As I grow older, I realised that in many situations, things were never as clear cut as what they seem to be when I was younger. These situations were not like whether you should choose coffee over tea, where it was just a matter of preference. These situations involve great pain in either party, where the cause of the pain was due to expectations, not where moral or ethics were involved.
I kind of miss the times when I felt that I could take sides easily in any situation, like in the movies, where there must be a villain and a hero, when if you are not on the hero’s side, you are the villain.
Recently I have had to face two situations where I could not take sides in two conflicting parties, because of the special circumstances both parties were in. Strange enough both situations had a common theme. Both involved expectations from their parents. I could not stay out of these two situations because of the close proximity of both situations to me.
If I were to review the expectations of these parents, I would wholeheartedly agree that their expectations were not high. They just wanted their kids to somehow conform to how society functions, to sometimes think about their folks and tell them that they are fine. If I were to see from the child’s (not a kid) point of view, there could be some reasons why they behaved in a manner that disappointed their parents, and they may already knew it. But I was not able to directly tell it to their faces that what they did was not living up to their parent’s expectations because of the same close proximity.
The bottom line for both situations was that both of the children were healthy and did not do anything harmful to themselves or the society. I am not the parent, but I had to tell the parents to re-align their expectations, which I understood, is hard to do because…. was it too high an expectation? Well it was not. But it was also not an option to blame it all on the child, because we have no idea what that child was going through.
I admit that I do not have a positive outlook on children meeting expectations of their parents. The reason was because for whatever reasons, genetic or upbringing, it is not unusual for the kid’s and parent’s ambitions to not be aligned. It was also not the first time I see parents getting sad over the fact that their kids did not want to continue their legacy. But if you were to take a cold look, from a stranger’s point of view, the children’s choice was not such a big issue after all. It definitely looks different from the parents’ point of view.
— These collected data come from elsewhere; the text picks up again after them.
(* Let $q\geq 3$ be odd. The function $h\colon(0,1]\to\mathbb{C}$, $h(x)=1/x$, satisfies $\mathcal{P}_q h=h$, i.e. it is a real analytic eigenfunction of the Perron–Frobenius operator $\mathcal{P}_q$ with eigenvalue $1$.
   Context: Let $q\geq 3$ be odd and $\lambda=2\cos(\pi/q)$. Elements of $\mathrm{PGL}_2(\mathbb{R})$ act on $\mathbb{R}\cup\{\infty\}$ by $\begin{bmatrix}a&b\\c&d\end{bmatrix}.x=(ax+b)/(cx+d)$. Put $s(x)=\sin(x\pi/q)/\sin(\pi/q)$, $g_k=\begin{bmatrix}s(k)&-s(k+1)\\-s(k-1)&s(k)\end{bmatrix}$, $Q=\begin{bmatrix}0&1\\1&0\end{bmatrix}$, $K=\{(q+1)/2,\dots,q-1\}$. For $g\in\mathrm{PGL}_2(\mathbb{R})$ and a function $f$, set $\tau(g)f(x)=|(g^{-1})'(x)|\,f(g^{-1}.x)$, where $(g^{-1})'$ is the derivative of $x\mapsto g^{-1}.x$. The Perron–Frobenius operator is $\mathcal{P}_q=\sum_{k\in K}\big(\tau(g_k)+\tau(Qg_k)\big)$ (it is the transfer operator of the generalized Farey map with respect to Lebesgue measure). *)

theory Defs
  imports "HOL-Analysis.Analysis"
begin

text \<open>Elements of PGL_2(R) are represented by a representative matrix
  [[a,b],[c,d]] written as the tuple (a,b,c,d).\<close>
type_synonym mat2 = "real \<times> real \<times> real \<times> real"

definition mat2_mult :: "mat2 \<Rightarrow> mat2 \<Rightarrow> mat2" where
  "mat2_mult M N = (case M of (a,b,c,d) \<Rightarrow> case N of (e,f,g,h) \<Rightarrow>
      (a*e + b*g, a*f + b*h, c*e + d*g, c*f + d*h))"

text \<open>Inverse in PGL_2: the adjugate represents the same projective class as the inverse.\<close>
definition pgl_inv :: "mat2 \<Rightarrow> mat2" where
  "pgl_inv M = (case M of (a,b,c,d) \<Rightarrow> (d, -b, -c, a))"

definition mob_act :: "mat2 \<Rightarrow> real \<Rightarrow> real" where
  "mob_act M x = (case M of (a,b,c,d) \<Rightarrow> (a*x + b) / (c*x + d))"

definition s_fun :: "nat \<Rightarrow> real \<Rightarrow> real" where
  "s_fun q x = sin (x * pi / real q) / sin (pi / real q)"

definition g_mat :: "nat \<Rightarrow> nat \<Rightarrow> mat2" where
  "g_mat q k = (s_fun q (real k), - s_fun q (real k + 1), - s_fun q (real k - 1), s_fun q (real k))"

definition Q_mat :: mat2 where
  "Q_mat = (0, 1, 1, 0)"

definition K_set :: "nat \<Rightarrow> nat set" where
  "K_set q = {(q + 1) div 2 .. q - 1}"

definition tau :: "mat2 \<Rightarrow> (real \<Rightarrow> complex) \<Rightarrow> real \<Rightarrow> complex" where
  "tau g f x = complex_of_real \<bar>deriv (mob_act (pgl_inv g)) x\<bar> * f (mob_act (pgl_inv g) x)"

definition PF_op :: "nat \<Rightarrow> (real \<Rightarrow> complex) \<Rightarrow> real \<Rightarrow> complex" where
  "PF_op q f x = (\<Sum>k\<in>K_set q. tau (g_mat q k) f x + tau (mat2_mult Q_mat (g_mat q k)) f x)"

end

theory Submission
  imports Defs
begin

text \<open>Write s_j = s(j) and q = 2m + 1, so that K = {m+1..2m}. The adjugate
  [[s_k, s_(k+1)], [s_(k-1), s_k]] of g_k has determinant s_k^2 - s_(k+1) s_(k-1) = 1, a
  product-to-sum identity for the sine, and s_(k-1) \<ge> s_k \<ge> s_(k+1) \<ge> 0 for k in K, because
  s_(j+1) - s_j has the sign of cos((2j+1)\<pi>/2q). Hence g_k^-1 and (Q g_k)^-1 map (0,1] into
  itself, and for such a map x \<mapsto> (ax+b)/(cx+d) of determinant \<plusminus>1 the Jacobian times h of
  the image is 1/((ax+b)(cx+d)). By partial fractions the two terms of index k add up to
  P(k) - P(k-1), with P = PF_primitive q x, so the sum over K telescopes to P(2m) - P(m).
  Finally P(2m) = 1/x since s_q = 0, and P(m) = 0 since s_m = s_(m+1).\<close>

lemma sin_add_mult_sin_diff:
  fixes a t :: real
  shows "sin (a + t) * sin (a - t) = (sin a)\<^sup>2 - (sin t)\<^sup>2"
proof -
  have "sin (a + t) * sin (a - t) = (sin a * cos t)\<^sup>2 - (cos a * sin t)\<^sup>2"
    by (simp add: sin_add sin_diff power2_eq_square algebra_simps)
  also have "\<dots> = (sin a)\<^sup>2 * (1 - (sin t)\<^sup>2) - (1 - (sin a)\<^sup>2) * (sin t)\<^sup>2"
    by (simp add: power_mult_distrib cos_squared_eq)
  finally show ?thesis by (simp add: algebra_simps)
qed

lemma s_fun_nonneg:
  assumes "0 \<le> r" and "r \<le> real q"
  shows "0 \<le> s_fun q r"
proof -
  have "r * pi / real q \<le> pi"
    using assms by (cases "q = 0") (auto simp: field_simps)
  then have "0 \<le> sin (r * pi / real q)"
    using assms by (intro sin_ge_zero) auto
  moreover have "0 \<le> sin (pi / real q)"
    by (cases "q = 0") (auto intro!: sin_ge_zero simp: field_simps)
  ultimately show ?thesis
    unfolding s_fun_def by simp
qed

lemma s_fun_pos:
  assumes "2 \<le> q" and "0 < r" and "r < real q"
  shows "0 < s_fun q r"
proof -
  have "0 < sin (r * pi / real q)" and "0 < sin (pi / real q)"
    using assms by (auto intro!: sin_gt_zero simp: field_simps)
  then show ?thesis
    unfolding s_fun_def by simp
qed

lemma s_fun_self [simp]: "s_fun q (real q) = 0"
  unfolding s_fun_def by (cases "q = 0") auto

lemma s_fun_reflect: "s_fun q (real q - r) = s_fun q r"
proof (cases "q = 0")
  case False
  then have "(real q - r) * pi / real q = pi - r * pi / real q"
    by (simp add: field_simps)
  then show ?thesis
    unfolding s_fun_def by simp
qed (simp add: s_fun_def)

lemma s_fun_det:
  assumes "2 \<le> q"
  shows "(s_fun q r)\<^sup>2 - s_fun q (r + 1) * s_fun q (r - 1) = 1"
proof -
  define t where "t = pi / real q"
  define a where "a = r * pi / real q"
  have "0 < sin t"
    unfolding t_def using assms by (intro sin_gt_zero) (auto simp: field_simps)
  moreover have succ: "(r + 1) * pi / real q = a + t" and pred: "(r - 1) * pi / real q = a - t"
    by (simp_all add: a_def t_def add_divide_distrib diff_divide_distrib algebra_simps)
  ultimately show ?thesis
    using sin_add_mult_sin_diff[of a t]
    unfolding s_fun_def succ pred a_def[symmetric] t_def[symmetric]
    by (simp add: field_simps power2_eq_square)
qed

lemma s_fun_succ_le:
  assumes "0 < q" and "real q \<le> 2 * r + 1" and "2 * r + 1 \<le> 2 * real q"
  shows "s_fun q (r + 1) \<le> s_fun q r"
proof -
  define t where "t = pi / real q"
  have "sin ((r + 1) * t) - sin (r * t) = 2 * sin (t / 2) * cos ((2 * r + 1) * t / 2)"
    unfolding sin_diff_sin by (simp add: algebra_simps add_divide_distrib)
  also have "\<dots> \<le> 0"
  proof (rule mult_nonneg_nonpos)
    show "0 \<le> 2 * sin (t / 2)"
      unfolding t_def using assms by (auto intro!: sin_ge_zero simp: field_simps)
    define u where "u = (2 * r + 1) / real q"
    have "1 \<le> u" and "u \<le> 2" and "(2 * r + 1) * t / 2 = pi / 2 * u"
      unfolding u_def t_def using assms by (simp_all add: field_simps)
    then have "pi / 2 \<le> (2 * r + 1) * t / 2" and "(2 * r + 1) * t / 2 \<le> pi"
      by simp_all
    then have "cos ((2 * r + 1) * t / 2) \<le> cos (pi / 2)"
      by (intro cos_monotone_0_pi_le) auto
    then show "cos ((2 * r + 1) * t / 2) \<le> 0"
      by simp
  qed
  finally have "sin ((r + 1) * t) \<le> sin (r * t)"
    by simp
  moreover have "0 \<le> sin t"
    unfolding t_def using assms by (intro sin_ge_zero) (auto simp: field_simps)
  ultimately show ?thesis
    unfolding s_fun_def t_def by (simp add: divide_right_mono)
qed

lemma deriv_mob_act:
  assumes "c * x + d \<noteq> 0"
  shows "deriv (mob_act (a, b, c, d)) x = (a * d - b * c) / (c * x + d)\<^sup>2"
proof -
  have "mob_act (a, b, c, d) = (\<lambda>x. (a * x + b) / (c * x + d))"
    by (simp add: mob_act_def fun_eq_iff)
  moreover have "((\<lambda>x. (a * x + b) / (c * x + d)) has_real_derivative
      (a * d - b * c) / (c * x + d)\<^sup>2) (at x)"
    using assms by (auto intro!: derivative_eq_intros simp: power2_eq_square algebra_simps)
  ultimately show ?thesis
    by (simp add: DERIV_imp_deriv)
qed

lemma diff_frac_linear:
  fixes a b c d x :: "'a::field"
  assumes "a * x + b \<noteq> 0" and "c * x + d \<noteq> 0"
  shows "a / (a * x + b) - c / (c * x + d) = (a * d - b * c) / ((a * x + b) * (c * x + d))"
  using assms by (simp add: field_simps)

lemma tau_recip_unimodular:
  assumes inv: "pgl_inv M = (a, b, c, d)" and det: "\<bar>a * d - b * c\<bar> = 1"
    and y: "0 < (a * x + b) / (c * x + d)" "(a * x + b) / (c * x + d) \<le> 1"
    and recip: "\<And>y. 0 < y \<Longrightarrow> y \<le> 1 \<Longrightarrow> f y = complex_of_real (1 / y)"
  shows "tau M f x = complex_of_real (1 / ((a * x + b) * (c * x + d)))"
proof -
  have nz: "a * x + b \<noteq> 0" "c * x + d \<noteq> 0"
    using y(1) by auto
  then have "tau M f x = complex_of_real
      (\<bar>(a * d - b * c) / (c * x + d)\<^sup>2\<bar> * ((c * x + d) / (a * x + b)))"
    unfolding tau_def inv deriv_mob_act[OF nz(2)] using recip[OF y] by (simp add: mob_act_def)
  also have "\<dots> = complex_of_real (1 / ((a * x + b) * (c * x + d)))"
    using det nz by (simp add: abs_div power2_eq_square)
  finally show ?thesis .
qed

lemma s_fun_chain_on_K_set:
  assumes "odd q" and "k \<in> K_set q"
  shows "0 \<le> s_fun q (real k + 1)" and "s_fun q (real k + 1) \<le> s_fun q (real k)"
    and "s_fun q (real k) \<le> s_fun q (real k - 1)" and "0 < s_fun q (real k)"
proof -
  obtain m where q: "q = 2 * m + 1"
    using assms(1) oddE by blast
  have k: "m + 1 \<le> k" "k \<le> 2 * m"
    using assms(2) unfolding K_set_def q by auto
  show "0 \<le> s_fun q (real k + 1)"
    using k q by (intro s_fun_nonneg) auto
  show "s_fun q (real k + 1) \<le> s_fun q (real k)"
    using k q by (intro s_fun_succ_le) auto
  show "s_fun q (real k) \<le> s_fun q (real k - 1)"
    using k q s_fun_succ_le[of q "real k - 1"] by auto
  show "0 < s_fun q (real k)"
    using k q by (intro s_fun_pos) auto
qed

lemma K_set_odd_bounds: "odd q \<Longrightarrow> k \<in> K_set q \<Longrightarrow> 3 \<le> q \<and> 1 \<le> k"
  unfolding K_set_def by auto

lemma tau_g_mat_recip:
  assumes "odd q" and "k \<in> K_set q" and "0 < x" and "x \<le> 1"
    and "\<And>y. 0 < y \<Longrightarrow> y \<le> 1 \<Longrightarrow> f y = complex_of_real (1 / y)"
  defines "A \<equiv> s_fun q (real k - 1)" and "B \<equiv> s_fun q (real k)" and "C \<equiv> s_fun q (real k + 1)"
  shows "tau (g_mat q k) f x = complex_of_real (B / (B * x + C) - A / (A * x + B))"
proof -
  have "0 \<le> C" "C \<le> B" "B \<le> A" "0 < B"
    using s_fun_chain_on_K_set[OF assms(1,2)] unfolding A_def B_def C_def by auto
  moreover have "B * x \<le> A * x"
    using \<open>B \<le> A\<close> \<open>0 < x\<close> by (simp add: mult_right_mono)
  ultimately have pos: "0 < B * x + C" "0 < A * x + B" and "B * x + C \<le> A * x + B"
    using \<open>0 < x\<close> by (simp_all add: add_pos_nonneg add_mono)
  then have "0 < (B * x + C) / (A * x + B)" "(B * x + C) / (A * x + B) \<le> 1"
    by auto
  moreover have det: "B * B - C * A = 1"
    using s_fun_det[of q "real k"] K_set_odd_bounds[OF assms(1,2)]
    unfolding A_def B_def C_def by (simp add: power2_eq_square)
  moreover have "pgl_inv (g_mat q k) = (B, C, A, B)"
    unfolding pgl_inv_def g_mat_def A_def B_def C_def by simp
  ultimately have "tau (g_mat q k) f x = complex_of_real (1 / ((B * x + C) * (A * x + B)))"
    using assms(5) by (intro tau_recip_unimodular) auto
  also have "\<dots> = complex_of_real (B / (B * x + C) - A / (A * x + B))"
    using diff_frac_linear[of B x C A B] pos det by simp
  finally show ?thesis .
qed

lemma tau_Q_g_mat_recip:
  assumes "odd q" and "k \<in> K_set q" and "0 < x" and "x \<le> 1"
    and "\<And>y. 0 < y \<Longrightarrow> y \<le> 1 \<Longrightarrow> f y = complex_of_real (1 / y)"
  defines "A \<equiv> s_fun q (real k - 1)" and "B \<equiv> s_fun q (real k)" and "C \<equiv> s_fun q (real k + 1)"
  shows "tau (mat2_mult Q_mat (g_mat q k)) f x = complex_of_real (B / (B * x + A) - C / (C * x + B))"
proof -
  have "0 \<le> C" "C \<le> B" "B \<le> A" "0 < B"
    using s_fun_chain_on_K_set[OF assms(1,2)] unfolding A_def B_def C_def by auto
  moreover have "C * x \<le> B * x"
    using \<open>C \<le> B\<close> \<open>0 < x\<close> by (simp add: mult_right_mono)
  ultimately have pos: "0 < B * x + A" "0 < C * x + B" and le: "C * x + B \<le> B * x + A"
    using \<open>0 < x\<close> by (simp_all add: add_nonneg_pos add_mono)
  have "- C * x + - B = - (C * x + B)" and "- B * x + - A = - (B * x + A)"
    by simp_all
  then have "(- C * x + - B) / (- B * x + - A) = (C * x + B) / (B * x + A)"
    by (simp only: minus_divide_divide)
  with pos le have "0 < (- C * x + - B) / (- B * x + - A)" "(- C * x + - B) / (- B * x + - A) \<le> 1"
    by auto
  moreover have det: "B * B - A * C = 1"
    using s_fun_det[of q "real k"] K_set_odd_bounds[OF assms(1,2)]
    unfolding A_def B_def C_def by (simp add: power2_eq_square mult.commute)
  moreover have "pgl_inv (mat2_mult Q_mat (g_mat q k)) = (- C, - B, - B, - A)"
    unfolding pgl_inv_def g_mat_def mat2_mult_def Q_mat_def A_def B_def C_def by simp
  ultimately have "tau (mat2_mult Q_mat (g_mat q k)) f x
      = complex_of_real (1 / ((- C * x + - B) * (- B * x + - A)))"
    using assms(5) by (intro tau_recip_unimodular) (auto simp: algebra_simps)
  also have "\<dots> = complex_of_real (B / (B * x + A) - C / (C * x + B))"
    using diff_frac_linear[of B x A C B] pos det by (simp add: algebra_simps)
  finally show ?thesis .
qed

definition PF_primitive :: "nat \<Rightarrow> real \<Rightarrow> nat \<Rightarrow> real" where
  "PF_primitive q x j =
     s_fun q (real j) / (s_fun q (real j) * x + s_fun q (real j + 1))
     - s_fun q (real j + 1) / (s_fun q (real j + 1) * x + s_fun q (real j))"

lemma tau_pair_telescoping:
  assumes "odd q" and "k \<in> K_set q" and "0 < x" and "x \<le> 1"
    and "\<And>y. 0 < y \<Longrightarrow> y \<le> 1 \<Longrightarrow> f y = complex_of_real (1 / y)"
  shows "tau (g_mat q k) f x + tau (mat2_mult Q_mat (g_mat q k)) f x
    = complex_of_real (PF_primitive q x k - PF_primitive q x (k - 1))"
proof -
  have "real (k - 1) = real k - 1"
    using K_set_odd_bounds[OF assms(1,2)] by simp
  then show ?thesis
    unfolding PF_primitive_def
    by (simp add: tau_g_mat_recip[OF assms] tau_Q_g_mat_recip[OF assms] flip: of_real_add)
qed

lemma PF_primitive_last:
  assumes "2 \<le> q" and "0 < x"
  shows "PF_primitive q x (q - 1) = 1 / x"
proof -
  have "real (q - 1) + 1 = real q"
    using assms(1) by simp
  moreover have "0 < s_fun q (real (q - 1))"
    using assms(1) by (intro s_fun_pos) auto
  ultimately show ?thesis
    unfolding PF_primitive_def using assms(2) by simp
qed

lemma PF_primitive_middle:
  assumes "q = 2 * m + 1"
  shows "PF_primitive q x m = 0"
proof -
  have "s_fun q (real m + 1) = s_fun q (real m)"
    using s_fun_reflect[of q "real m"] assms by simp
  then show ?thesis
    unfolding PF_primitive_def by simp
qed

theorem proposition2p6:
  fixes q :: nat
  assumes "odd q" and "q \<ge> 3"
  defines "h \<equiv> (\<lambda>x::real. if 0 < x \<and> x \<le> 1 then complex_of_real (1 / x) else 0)"
  shows "\<forall>x\<in>{0<..1}. PF_op q h x = h x"
proof
  fix x :: real
  assume "x \<in> {0<..1}"
  then have x: "0 < x" "x \<le> 1"
    by auto
  have recip: "h y = complex_of_real (1 / y)" if "0 < y" "y \<le> 1" for y
    using that by (simp add: h_def)
  obtain m where q: "q = 2 * m + 1"
    using \<open>odd q\<close> oddE by blast
  then have K: "K_set q = {Suc m..2 * m}"
    unfolding K_set_def by simp
  have "PF_op q h x = (\<Sum>k\<in>K_set q.
      complex_of_real (PF_primitive q x k - PF_primitive q x (k - 1)))"
    unfolding PF_op_def using tau_pair_telescoping[OF \<open>odd q\<close> _ x recip] by simp
  also have "\<dots> = complex_of_real (PF_primitive q x (2 * m) - PF_primitive q x m)"
    unfolding K using sum_telescope''[of m "2 * m" "\<lambda>j. complex_of_real (PF_primitive q x j)"]
    by simp
  also have "\<dots> = h x"
    using PF_primitive_last[of q x] PF_primitive_middle[OF q] q assms(2) x by (simp add: h_def)
  finally show "PF_op q h x = h x" .
qed

end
Another thing that I experienced first hand, was on how parent’s expectations, even though not forced on to me, were projected onto me. For a 18 year old teen back then, to go against my mom’s advice was really hard. She advised me not to go into finance because I had been a science student all the while. With hindsight, you will think that it was no big deal that a science student could change path into finance. But my mom’s worries were valid because after all I have not done a single double entry in my life before that, and I am venturing into something unknown. We could laugh at her worries after seeing how I have turned out fine taking the path less known, but I could understand her worries now when I think from her point of view.
Teens and children are mentally not as strong as adults. A few comments from their strongly opinionated parents could potentially dampen their passions. Parents could always say that this is for their own good, but I have seen many situations where this did not turn out to be the best for the children. Sure the children lived a normal life now, but would there be a better life, one which the child would be happier if they chosen their passion instead?
I realised that the more empathetic I became with everyone’s situations, the less empathy I have in the end. Not because I was a cold person who did not care about other people’s adversities, but on the contrary, because I tried to understand everyone’s situations and I had problems taking a side, for my own sanity’s sake, I had to choose not to take sides. Sometimes it is best to not have expectations because you can’t control how people behave, even though you already decided to give up hoping.
I wished that there was an easier way to deal with the dilemmas in life.